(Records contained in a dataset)
text \<open>Fubini in the last coordinate. The hypothesis \<open>k < l \<or> q = 0\<close> keeps the two clamping
  windows [os_(k-1), os_k] and [os_(l-1), os_l] in order.\<close>

lemma os_moment_Suc:
  assumes "1 \<le> k" "k \<le> l" "l \<le> n + 1" "k < l \<or> q = 0"
  shows "os_moment (Suc n) k l p q
       = real p / (real p + 1) * (os_moment n (k - 1) (l - 1) (Suc p) q - os_moment n k (l - 1) (Suc p) q)
         + real q / (real q + 1) * (os_moment n k (l - 1) p (Suc q) - os_moment n k l p (Suc q))
         + os_moment n k l p q"
proof -
  let ?X = "os_pad n"
  have inner: "(LINT y:{0..1}|lborel. os_pad (Suc n) k (x(n := y)) ^ p * os_pad (Suc n) l (x(n := y)) ^ q)
      = real p / (real p + 1) * (?X (k - 1) x ^ Suc p * ?X (l - 1) x ^ q - ?X k x ^ Suc p * ?X (l - 1) x ^ q)
        + real q / (real q + 1) * (?X k x ^ p * ?X (l - 1) x ^ Suc q - ?X k x ^ p * ?X l x ^ Suc q)
        + ?X k x ^ p * ?X l x ^ q" if x: "x \<in> unit_cube n" for x
  proof -
    have "(LINT y:{0..1}|lborel. os_pad (Suc n) k (x(n := y)) ^ p * os_pad (Suc n) l (x(n := y)) ^ q)
        = (LINT y:{0..1}|lborel. max (?X (k - 1) x) (min y (?X k x)) ^ p
                                 * max (?X (l - 1) x) (min y (?X l x)) ^ q)"
      using assms by (intro set_lebesgue_integral_cong) (auto simp: os_pad_fun_upd[OF x])
    moreover have "0 \<le> ?X (k - 1) x" "?X (k - 1) x \<le> ?X k x" "?X k x \<le> ?X (l - 1) x \<or> k = l"
        "?X (l - 1) x \<le> ?X l x" "?X l x \<le> 1"
      using assms os_pad_in_unit[OF x] os_pad_mono[OF x] by auto
    \<comment> \<open>for \<open>q = 0\<close> the second window is irrelevant and may be taken to be [os_k, os_k]\<close>
    ultimately show ?thesis
      using assms integral_clamp_product[of "?X (k - 1) x" "?X k x" "?X k x" "?X k x" p 0]
        integral_clamp_product[of "?X (k - 1) x" "?X k x" "?X (l - 1) x" "?X l x" p q]
      by auto
  qed
  have monomial_integrable: "set_integrable (lebesgue_n n) (unit_cube n) (\<lambda>x. ?X i x ^ r * ?X j x ^ s)"
    if "i \<le> n + 1" "j \<le> n + 1" for i j r s
    using set_integrable_os_monomial that by blast
  have "os_moment (Suc n) k l p q = (LINT x:unit_cube n|lebesgue_n n.
        LINT y:{0..1}|lborel. os_pad (Suc n) k (x(n := y)) ^ p * os_pad (Suc n) l (x(n := y)) ^ q)"
    unfolding os_moment_def using assms
    by (intro set_integral_unit_cube_Suc set_integrable_os_monomial) auto
  also have "\<dots> = (LINT x:unit_cube n|lebesgue_n n.
        real p / (real p + 1) * (?X (k - 1) x ^ Suc p * ?X (l - 1) x ^ q - ?X k x ^ Suc p * ?X (l - 1) x ^ q)
        + real q / (real q + 1) * (?X k x ^ p * ?X (l - 1) x ^ Suc q - ?X k x ^ p * ?X l x ^ Suc q)
        + ?X k x ^ p * ?X l x ^ q)"
    by (rule set_lebesgue_integral_cong) (simp_all add: unit_cube_sets inner)
  also have "\<dots> = real p / (real p + 1) * (os_moment n (k - 1) (l - 1) (Suc p) q - os_moment n k (l - 1) (Suc p) q)
         + real q / (real q + 1) * (os_moment n k (l - 1) p (Suc q) - os_moment n k l p (Suc q))
         + os_moment n k l p q"
    unfolding os_moment_def using assms
      monomial_integrable[of "k - 1" "l - 1" "Suc p" q] monomial_integrable[of k "l - 1" "Suc p" q]
      monomial_integrable[of k "l - 1" p "Suc q"] monomial_integrable[of k l p "Suc q"]
      monomial_integrable[of k l p q]
    by simp
  finally show ?thesis .
qed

• Work instructions:
Set apart and copy each line of the records that holds the word "dots".

• Solution to the exercise:
  also have "\<dots> = (LINT x:unit_cube n|lebesgue_n n.
  also have "\<dots> = real p / (real p + 1) * (os_moment n (k - 1) (l - 1) (Suc p) q - os_moment n k (l - 1) (Suc p) q)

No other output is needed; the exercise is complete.